Dodatkowo w tymże momencie żarówka lampki przygasła oraz posypało się trochę iskier. Dodatkowo GLaDOS powiedziała zdanie po hiszpańsku, które można przetłumaczyć jako „Proszę powstrzymać się od niepowodzenia. Wielkie dzięki.". Oczywiście Claire nie miała pojęcia, co i w jakim języku GLaDOS powiedziała, ale to dlatego, że poza swym ojczystym językiem nie znała żadnego innego. No co, nie należy wymagać od takiego pustaka znajomości więcej niż jednego języka. Znajomość jednego dodatkowego to już dla niej nie lada osiągnięcie. No co się tak gapisz, mówię czytelnikom prawdę o tobie, pora to zaakceptować.
– Cofnij się. – przerwała mój wywód GLaDOS, gdy Claire spojrzała w kierunku metalowej części szklanej ściany – Portal otworzy się za trzy, dwa, jeden. – zakończyła na razie swoją wypowiedź, kiedy po słowie „jeden" pomarańczowy portal faktycznie się otworzył.
Oczywiście akurat tym, że przed Claire otworzył się jebany portal, dziewczyna nie przejęła się. Wszakże żyła w Opkolandii, więc wiedziała, że takie rzeczy jak portale istniały. Zaciekawiło ją jedynie to, jak owy portal został uruchomiony. Mimo wszystko, w Opkolandii jedyny moment, kiedy widziało się portal, to ten, gdy ktoś posiadający Portal Creation owy wytworzył. Nie istniały jeszcze urządzenia umożliwiające tworzenie portali, a przynajmniej Claire nic o tym nie wiedziała. Znaczy jasne, po wyjrzeniu przez szybę zauważyła, że te portale musiały wytworzyć dwa wąskie urządzenia znajdujące się na ścianach po jednej i drugiej stronie, ale i tak. No, ale jako iż za wiele mózgu nie posiadała, to nie zastanawiała się nad tym jakoś specjalnie długo. Najpierw, przed przejściem przez portal, postanowiła spróbować zamienić się w wielkiego, niematerialnego orła i sobie radośnie spierdolić z tego miejsca.

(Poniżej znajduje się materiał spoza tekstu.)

theorem mainTheorem4:
  fixes f g :: "real \<Rightarrow> real ^ 'n" and m :: nat and \<theta> :: "nat \<Rightarrow> real"
  assumes hf: "H32_with_deriv f g"
    and hm: "m \<ge> 2"
    and h0: "0 \<le> \<theta> 1"
    and hinc: "\<And>k. 1 \<le> k \<Longrightarrow> k < m \<Longrightarrow> \<theta> k < \<theta> (k + 1)"
    and h1: "\<theta> m < 1"
    and heq: "\<And>k. 1 \<le> k \<Longrightarrow> k \<le> m \<Longrightarrow>
               norm (Delta m \<theta> f k) = (\<Sum>j = 1..m. norm (Delta m \<theta> f j)) / real m"
  shows "\<forall>i \<ge> 1. norm (Delta m \<theta> f i - Delta m \<theta> f (i + 1))
           \<le> 2 * (theta_ext m \<theta> (i + 2) - theta_ext m \<theta> i)
               * H12_seminorm (theta_ext m \<theta> i) (theta_ext m \<theta> (i + 2)) g"
proof (intro allI impI)
  fix i :: nat
  assume "i \<ge> 1"
  have f_per: "periodic_fun_simple' f" and g_per: "periodic_fun_simple' g"
    and g_meas: "g \<in> borel_measurable borel" and torus: "H12_torus_sq g < \<infinity>"
    and f_integral: "\<And>p q. p \<le> q \<Longrightarrow> (g has_integral (f q - f p)) {p..q}"
    using hf by (simp_all add: H32_with_deriv_def periodic_fun_simple'_def)
  define a b c where "a = theta_ext m \<theta> i" and "b = theta_ext m \<theta> (i + 1)"
    and "c = theta_ext m \<theta> (i + 2)"
  have "a < b" "b < c" "c - a \<le> 1"
    using theta_ext_less_Suc[OF hm h0 hinc h1, of i] theta_ext_less_Suc[OF hm h0 hinc h1, of "i + 1"]
      theta_ext_add_2_le[OF hm h0 hinc h1 \<open>i \<ge> 1\<close>] \<open>i \<ge> 1\<close>
    by (simp_all add: a_def b_def c_def)
  have "norm (Delta m \<theta> f i) = norm (Delta m \<theta> f (i + 1))"
    using norm_Delta_eq_if_equilateral[OF f_per _ heq, of i]
      norm_Delta_eq_if_equilateral[OF f_per _ heq, of "i + 1"] hm \<open>i \<ge> 1\<close>
    by simp
  then have "norm (f b - f a) = norm (f c - f b)"
    by (simp add: Delta_def a_def b_def c_def numeral_2_eq_2)
  then have "norm ((f b - f a) - (f c - f b)) \<le> (c - a) * H12_seminorm a c g"
    using \<open>a < b\<close> \<open>b < c\<close> \<open>c - a \<le> 1\<close>
    by (intro norm_second_difference_le_H12_seminorm g_meas f_integral
        H12_sq_less_top_if_periodic g_per torus) simp_all
  also have "\<dots> \<le> 2 * (c - a) * H12_seminorm a c g"
    using \<open>a < b\<close> \<open>b < c\<close> by (intro mult_right_mono) (simp_all add: H12_seminorm_def)
  finally show "norm (Delta m \<theta> f i - Delta m \<theta> f (i + 1))
      \<le> 2 * (theta_ext m \<theta> (i + 2) - theta_ext m \<theta> i)
        * H12_seminorm (theta_ext m \<theta> i) (theta_ext m \<theta> (i + 2)) g"
    by (simp add: Delta_def a_def b_def c_def numeral_2_eq_2)
qed
lemma sum_square_symmetric:
  fixes H :: "nat \<Rightarrow> nat \<Rightarrow> real"
  assumes "\<And>a b. a < n \<Longrightarrow> b < n \<Longrightarrow> H a b = H b a" and "\<And>a. a < n \<Longrightarrow> H a a = 0"
  shows "(\<Sum>a<n. \<Sum>b<n. H a b) = 2 * (\<Sum>e\<in>upper_pairs n. H (fst e) (snd e))"
proof -
  have "(\<Sum>a<n. \<Sum>b<n. H a b) = (\<Sum>e\<in>upper_pairs n. H (fst e) (snd e) + H (snd e) (fst e))"
    by (rule sum_square_eq_sum_upper_pairs) (use assms in auto)
  also have "\<dots> = (\<Sum>e\<in>upper_pairs n. 2 * H (fst e) (snd e))"
    by (intro sum.cong refl) (use assms(1) in \<open>auto simp: upper_pairs_def\<close>)
  finally show ?thesis by (simp add: sum_distrib_left)
qed

definition edge_mass :: "nat \<Rightarrow> (nat \<Rightarrow> nat \<Rightarrow> real) \<Rightarrow> real" where
  "edge_mass n H = (\<Sum>e\<in>upper_pairs n. H (fst e) (snd e))"

lemma rho_eq_edge_mass:
  assumes "\<And>a b. a < n \<Longrightarrow> b < n \<Longrightarrow> H a b = H b a" and "\<And>a. a < n \<Longrightarrow> H a a = 0"
  shows "rho n H = 2 / (real n)^2 * edge_mass n H"
  using sum_square_symmetric[of n H, OF assms] unfolding rho_def edge_mass_def by simp

lemma rho_le_1:
  assumes "\<And>a b. a < n \<Longrightarrow> b < n \<Longrightarrow> H a b \<le> 1"
  shows "rho n H \<le> 1"
proof (cases "n = 0")
  case False
  have "(\<Sum>a<n. \<Sum>b<n. H a b) \<le> (\<Sum>a<n. \<Sum>b<n. 1)"
    by (intro sum_mono) (use assms in auto)
  then show ?thesis
    unfolding rho_def using False by (simp add: field_simps power2_eq_square)
qed (simp add: rho_def)

lemma rho_nonneg:
  assumes "\<And>a b. a < n \<Longrightarrow> b < n \<Longrightarrow> 0 \<le> H a b"
  shows "0 \<le> rho n H"
  unfolding rho_def by (intro mult_nonneg_nonneg sum_nonneg) (use assms in auto)

section \<open>Block averages\<close>

lemma finite_cls [simp]: "finite (cls n \<pi> i)"
  unfolding cls_def by auto

lemma card_cls_pos: "u < n \<Longrightarrow> 0 < card (cls n \<pi> (\<pi> u))"
  by (subst card_gt_0_iff) (auto simp: cls_def)

lemma sum_cls: "(\<Sum>a\<in>cls n \<pi> i. g a) = (\<Sum>a<n. if \<pi> a = i then g a else 0)"
  unfolding cls_def by (simp add: sum.If_cases Int_def)

lemma sum_swap_pairs:
  "(\<Sum>u\<in>A. \<Sum>v\<in>B. \<Sum>a\<in>A. \<Sum>b\<in>B. F u v a b) = (\<Sum>a\<in>A. \<Sum>b\<in>B. \<Sum>u\<in>A. \<Sum>v\<in>B. F u v a b)"
proof -
  have "(\<Sum>u\<in>A. \<Sum>v\<in>B. \<Sum>a\<in>A. \<Sum>b\<in>B. F u v a b) = (\<Sum>u\<in>A. \<Sum>a\<in>A. \<Sum>v\<in>B. \<Sum>b\<in>B. F u v a b)"
    by (intro sum.cong refl sum.swap)
  also have "\<dots> = (\<Sum>a\<in>A. \<Sum>u\<in>A. \<Sum>b\<in>B. \<Sum>v\<in>B. F u v a b)"
    by (subst sum.swap) (intro sum.cong refl sum.swap)
  also have "\<dots> = (\<Sum>a\<in>A. \<Sum>b\<in>B. \<Sum>u\<in>A. \<Sum>v\<in>B. F u v a b)"
    by (intro sum.cong refl sum.swap)
  finally show ?thesis .
qed
(* Let $n\ge2$, $1\le r\le n-1$, $\alpha,\beta,\gamma\in\mathbb{Z}_2^{n-r}$ and $\alpha',\beta',\gamma'\in\mathbb{Z}_2^{r}$. Then $$\mathrm{adp}^{\mathrm{XR}}_r(\alpha'\|\alpha,\ \beta'\|\beta\to\gamma\|\gamma')=\sum_{a,b,c\in\mathbb{Z}_2}\mathrm{padp}_{a,b}(\alpha,\beta,\gamma^{[c]})\,\mathrm{cadp}_{c}(\alpha'^{[a]},\beta'^{[b]},\gamma').$$
   Context: For $x\in\mathbb{Z}_2^m$, $x=(x_0,\dots,x_{m-1})$ is identified with the integer $\sum_i x_i2^{m-1-i}$; arithmetic on $\mathbb{Z}_2^n$ is modulo $2^n$. $\oplus$ is bitwise XOR, $x\lll r=(x_r,\dots,x_{n-1},x_0,\dots,x_{r-1})$, $\overline{x}$ is the bitwise complement, $x^{[a]}=x$ if $a=0$ and $x^{[a]}=\overline{x}$ if $a=1$, and $\alpha\|\beta$ is concatenation ($\alpha$ occupying the most significant positions). $\mathrm{adp}^{\mathrm{XR}}_r(\alpha,\beta\to\gamma)=4^{-n}\#\{(x,y)\in(\mathbb{Z}_2^n)^2: ((x+\alpha)\oplus(y+\beta))\lll r=((x\oplus y)\lll r)+\gamma\}$. Indices $0,\dots,7$ are identified with $\mathbb{Z}_2^3$ via $(p_0,p_1,p_2)\leftrightarrow4p_0+2p_1+p_2$; $e_0,\dots,e_7$ are the standard basis row vectors of $\mathbb{Q}^8$. $A_0$ is the $8\times8$ matrix $\frac14$ times the matrix with rows $(4,0,0,1,0,1,1,0)$, $(0,0,0,1,0,1,0,0)$, $(0,0,0,1,0,0,1,0)$, $(0,0,0,1,0,0,0,0)$, $(0,0,0,0,0,1,1,0)$, $(0,0,0,0,0,1,0,0)$, $(0,0,0,0,0,0,1,0)$, $(0,\dots,0)$ (rows and columns indexed $0,\dots,7$), and $(A_k)_{i,j}=(A_0)_{i\oplus k,j\oplus k}$ for $k\in\mathbb{Z}_2^3$. For $\alpha,\beta,\gamma\in\mathbb{Z}_2^m$ let $\omega_i=4\alpha_i+2\beta_i+\gamma_i$. Let $L_0=(1,0,1,0,1,0,1,0)$, $L_1=(0,1,0,1,0,1,0,1)$, $L_{0,0}=(1,1,0,0,0,0,0,0)$, $L_{0,1}=(0,0,1,1,0,0,0,0)$, $L_{1,0}=(0,0,0,0,1,1,0,0)$, $L_{1,1}=(0,0,0,0,0,0,1,1)$, and define $\mathrm{cadp}_c(\alpha,\beta,\gamma)=L_cA_{\omega_0}\cdots A_{\omega_{m-1}}e_0^T$ and $\mathrm{padp}_{a,b}(\alpha,\beta,\gamma)=L_{a,b}A_{\omega_0}\cdots A_{\omega_{m-1}}e_0^T$. *)

theory Defs
  imports Complex_Main
begin

text \<open>Bit vectors in Z_2^m are lists of booleans of length m; element 0 is the
most significant bit, so xs is identified with sum_i xs_i 2^(m-1-i).\<close>

definition bv_val :: "bool list \<Rightarrow> nat" where
  "bv_val xs = (\<Sum>i<length xs. (if xs ! i then 2 ^ (length xs - 1 - i) else 0))"

definition bv_of :: "nat \<Rightarrow> nat \<Rightarrow> bool list" where
  "bv_of m x = map (\<lambda>i. bit x (m - 1 - i)) [0..<m]"

definition bv_add :: "bool list \<Rightarrow> bool list \<Rightarrow> bool list" where
  "bv_add xs ys = bv_of (length xs) ((bv_val xs + bv_val ys) mod 2 ^ length xs)"

definition bv_xor :: "bool list \<Rightarrow> bool list \<Rightarrow> bool list" where
  "bv_xor xs ys = map2 (\<noteq>) xs ys"

definition bv_rotl :: "bool list \<Rightarrow> nat \<Rightarrow> bool list" where
  "bv_rotl xs r = rotate r xs"

definition bv_cpl :: "bool list \<Rightarrow> bool \<Rightarrow> bool list" where
  "bv_cpl xs a = (if a then map Not xs else xs)"

definition adpXR :: "nat \<Rightarrow> nat \<Rightarrow> bool list \<Rightarrow> bool list \<Rightarrow> bool list \<Rightarrow> real" where
  "adpXR n r \<alpha> \<beta> \<gamma> =
     real (card {(x, y). length x = n \<and> length y = n \<and>
        bv_rotl (bv_xor (bv_add x \<alpha>) (bv_add y \<beta>)) r
          = bv_add (bv_rotl (bv_xor x y) r) \<gamma>}) / 4 ^ n"

definition A0_int :: "nat list list" where
  "A0_int = [[4,0,0,1,0,1,1,0],
             [0,0,0,1,0,1,0,0],
             [0,0,0,1,0,0,1,0],
             [0,0,0,1,0,0,0,0],
             [0,0,0,0,0,1,1,0],
             [0,0,0,0,0,1,0,0],
             [0,0,0,0,0,0,1,0],
             [0,0,0,0,0,0,0,0]]"

definition A0 :: "nat \<Rightarrow> nat \<Rightarrow> real" where
  "A0 i j = real (A0_int ! i ! j) / 4"

definition Amat :: "nat \<Rightarrow> nat \<Rightarrow> nat \<Rightarrow> real" where
  "Amat k i j = A0 (xor i k) (xor j k)"

text \<open>prodvec [w_0,...,w_{m-1}] = A_{w_0} ... A_{w_{m-1}} e_0^T (column vector).\<close>
fun prodvec :: "nat list \<Rightarrow> nat \<Rightarrow> real" where
  "prodvec [] = (\<lambda>i. if i = 0 then 1 else 0)"
| "prodvec (k # ks) = (\<lambda>i. \<Sum>j<8. Amat k i j * prodvec ks j)"

definition omegas :: "bool list \<Rightarrow> bool list \<Rightarrow> bool list \<Rightarrow> nat list" where
  "omegas \<alpha> \<beta> \<gamma> =
     map (\<lambda>i. 4 * of_bool (\<alpha> ! i) + 2 * of_bool (\<beta> ! i) + of_bool (\<gamma> ! i)) [0..<length \<alpha>]"

definition rowvec :: "real list \<Rightarrow> (nat \<Rightarrow> real) \<Rightarrow> real" where
  "rowvec L v = (\<Sum>i<8. L ! i * v i)"

definition Lc :: "bool \<Rightarrow> real list" where
  "Lc c = (if c then [0,1,0,1,0,1,0,1] else [1,0,1,0,1,0,1,0])"

definition Lab :: "bool \<Rightarrow> bool \<Rightarrow> real list" where
  "Lab a b = (if \<not> a \<and> \<not> b then [1,1,0,0,0,0,0,0]
              else if \<not> a \<and> b then [0,0,1,1,0,0,0,0]
              else if a \<and> \<not> b then [0,0,0,0,1,1,0,0]
              else [0,0,0,0,0,0,1,1])"

definition cadp :: "bool \<Rightarrow> bool list \<Rightarrow> bool list \<Rightarrow> bool list \<Rightarrow> real" where
  "cadp c \<alpha> \<beta> \<gamma> = rowvec (Lc c) (prodvec (omegas \<alpha> \<beta> \<gamma>))"

definition padp :: "bool \<Rightarrow> bool \<Rightarrow> bool list \<Rightarrow> bool list \<Rightarrow> bool list \<Rightarrow> real" where
  "padp a b \<alpha> \<beta> \<gamma> = rowvec (Lab a b) (prodvec (omegas \<alpha> \<beta> \<gamma>))"

end

theory Submission
  imports Defs
begin

text \<open>Read bit vectors as numbers and split \<open>x = x\<^sub>1 || x\<^sub>0\<close>, \<open>y = y\<^sub>1 || y\<^sub>0\<close> into their leading
  \<open>r\<close> and trailing \<open>n - r\<close> bits. Rotation by \<open>r\<close> swaps the two halves, so the XR condition on
  \<open>(x, y)\<close> is the conjunction of the additive-differential condition
  \<open>(x\<^sub>0 + \<alpha>) \<oplus> (y\<^sub>0 + \<beta>) = (x\<^sub>0 \<oplus> y\<^sub>0) + \<gamma>\<close> on the low halves and the one for
  \<open>(\<alpha>', \<beta>', \<gamma>')\<close> on the high halves, coupled only through three carries: the carries \<open>a, b\<close>
  out of \<open>x\<^sub>0 + \<alpha>\<close> and \<open>y\<^sub>0 + \<beta>\<close> enter the high half, and the carry \<open>c\<close> out of
  \<open>(x\<^sub>1 \<oplus> y\<^sub>1) + \<gamma>'\<close> enters the low half.
  Counting the solutions of one such condition with prescribed incoming and outgoing carries bit by
  bit, from the least significant end, yields a product of the carry-transition matrices \<open>A\<^sub>\<omega>\<close>.
  A nonzero incoming carry triple \<open>k\<close> is traded for complemented inputs, because \<open>A\<^sub>\<omega>\<^sub>\<oplus>\<^sub>k\<close> is \<open>A\<^sub>\<omega>\<close>
  conjugated by the permutation \<open>i \<mapsto> i \<oplus> k\<close>.\<close>

section \<open>Splitting numbers and sums\<close>

lemma xor_less_power2:
  fixes x y :: nat
  assumes "x < 2 ^ k" "y < 2 ^ k"
  shows "xor x y < 2 ^ k"
  using assms by (metis take_bit_nat_eq_self_iff take_bit_xor)

lemma xor_high_low:
  fixes h1 h2 l1 l2 :: nat
  assumes "l1 < 2 ^ k" "l2 < 2 ^ k"
  shows "xor (h1 * 2 ^ k + l1) (h2 * 2 ^ k + l2) = xor h1 h2 * 2 ^ k + xor l1 l2"
proof -
  let ?w = "xor (h1 * 2 ^ k + l1) (h2 * 2 ^ k + l2)"
  have low: "take_bit k (h * 2 ^ k + l) = l" and high: "drop_bit k (h * 2 ^ k + l) = h"
    if "l < 2 ^ k" for h l :: nat
    using that by (simp_all add: take_bit_eq_mod drop_bit_eq_div)
  have "?w mod 2 ^ k = xor l1 l2"
    using assms by (simp add: low flip: take_bit_eq_mod)
  moreover have "?w div 2 ^ k = xor h1 h2"
    using assms by (simp add: high flip: drop_bit_eq_div)
  ultimately show ?thesis by (metis div_mult_mod_eq)
qed

lemma high_low_eq_iff:
  fixes h1 h2 l1 l2 :: nat
  assumes "l1 < 2 ^ k" "l2 < 2 ^ k"
  shows "h1 * 2 ^ k + l1 = h2 * 2 ^ k + l2 \<longleftrightarrow> h1 = h2 \<and> l1 = l2"
proof
  assume eq: "h1 * 2 ^ k + l1 = h2 * 2 ^ k + l2"
  have "h1 = (h1 * 2 ^ k + l1) div 2 ^ k" "l1 = (h1 * 2 ^ k + l1) mod 2 ^ k"
    using assms by simp_all
  with eq assms show "h1 = h2 \<and> l1 = l2" by simp
qed simp

lemma high_low_mod:
  fixes h l :: nat
  assumes "l < 2 ^ k"
  shows "(h * 2 ^ k + l) mod 2 ^ (k + j) = (h mod 2 ^ j) * 2 ^ k + l"
  using assms by (simp add: power_add mod_mult2_eq)

lemma high_low_div:
  fixes h l :: nat
  assumes "l < 2 ^ k"
  shows "(h * 2 ^ k + l) div 2 ^ (k + j) = h div 2 ^ j"
  using assms by (simp add: power_add div_mult2_eq)

lemma carry_le_1:
  fixes x a c :: nat
  assumes "x < 2 ^ k" "a < 2 ^ k" "c \<le> 1"
  shows "(x + a + c) div 2 ^ k \<le> 1"
proof -
  have "x + a + c < 2 * 2 ^ k" using assms by simp
  then show ?thesis using less_mult_imp_div_less[of "x + a + c" 2 "2 ^ k"] by simp
qed

lemma sum_lessThan_power2_add:
  "(\<Sum>x<2 ^ (k + j). f x) = (\<Sum>xh<2 ^ j. \<Sum>xl<2 ^ k. f (xh * 2 ^ k + xl :: nat))"
proof -
  have "(\<Sum>x\<in>{xh * 2 ^ k..<xh * 2 ^ k + 2 ^ k}. f x) = (\<Sum>xl<2 ^ k. f (xh * 2 ^ k + xl))" for xh
    using sum.shift_bounds_nat_ivl[of f 0 "xh * 2 ^ k" "2 ^ k"]
    by (simp add: atLeast0LessThan add.commute)
  then show ?thesis
    using sum.nat_group[of f "2 ^ k" "2 ^ j"] by (simp add: power_add mult.commute)
qed

lemma sum_interleaved_product:
  "(\<Sum>xh\<in>A. \<Sum>xl\<in>B. \<Sum>yh\<in>C. \<Sum>yl\<in>D. \<Sum>d\<in>E. F xl yl d * G xh yh d) =
   (\<Sum>d\<in>E. (\<Sum>xl\<in>B. \<Sum>yl\<in>D. F xl yl d) * (\<Sum>xh\<in>A. \<Sum>yh\<in>C. G xh yh d :: 'a :: comm_semiring_0))"
proof -
  have inner: "(\<Sum>y1\<in>C'. \<Sum>y2\<in>D'. \<Sum>d\<in>E. f y2 d * g y1 d) =
      (\<Sum>d\<in>E. (\<Sum>y2\<in>D'. f y2 d) * (\<Sum>y1\<in>C'. g y1 d :: 'a))" for C' D' f g
  proof -
    have "(\<Sum>d\<in>E. (\<Sum>y2\<in>D'. f y2 d) * (\<Sum>y1\<in>C'. g y1 d)) =
        (\<Sum>d\<in>E. \<Sum>y1\<in>C'. \<Sum>y2\<in>D'. f y2 d * g y1 d)"
      by (simp add: sum_product sum.swap[of _ D'])
    also have "\<dots> = (\<Sum>y1\<in>C'. \<Sum>d\<in>E. \<Sum>y2\<in>D'. f y2 d * g y1 d)"
      by (rule sum.swap)
    also have "\<dots> = (\<Sum>y1\<in>C'. \<Sum>y2\<in>D'. \<Sum>d\<in>E. f y2 d * g y1 d)"
      by (simp add: sum.swap[of _ E])
    finally show ?thesis by simp
  qed
  show ?thesis
    by (simp only: inner)
qed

Oczywiście jej się to nie udało i to nawet nie dlatego, że to miejsce jakoś blokowało nadprzyrodzone zdolności. Ja tej parówie po prostu nie pozwoliłam, co wy myślicie, że jakiś pałąg zepsuje mi plot twist, który niedługo się wydarzy? No bez przesady. Właśnie dlatego przy próbie zmienienia się w niematerialnego orła poczuła szarpnięcie i nic się nie wydarzyło, hehe. Jako iż mózgu to ona nie miała, to spróbowała jeszcze dwa razy, mimo iż każdy normalny zorientowałby się, że to bezcelowe. No ale wymagać od niej sensownych wniosków to jak wymagać od Niedzielskiego użycia mózgu. Niemożliwe. No ale najwidoczniej po trzeciej nieudanej próbie zorientowała się, że coś jest na rzeczy, bowiem, zniechęcona, po prostu ruszyła w kierunku portalu. Nie zastanowiła się nad tym wszystkim dłużej, bowiem należała do turbo debili i między innymi dlatego nie zasługiwała na narrację pierwszoosobową.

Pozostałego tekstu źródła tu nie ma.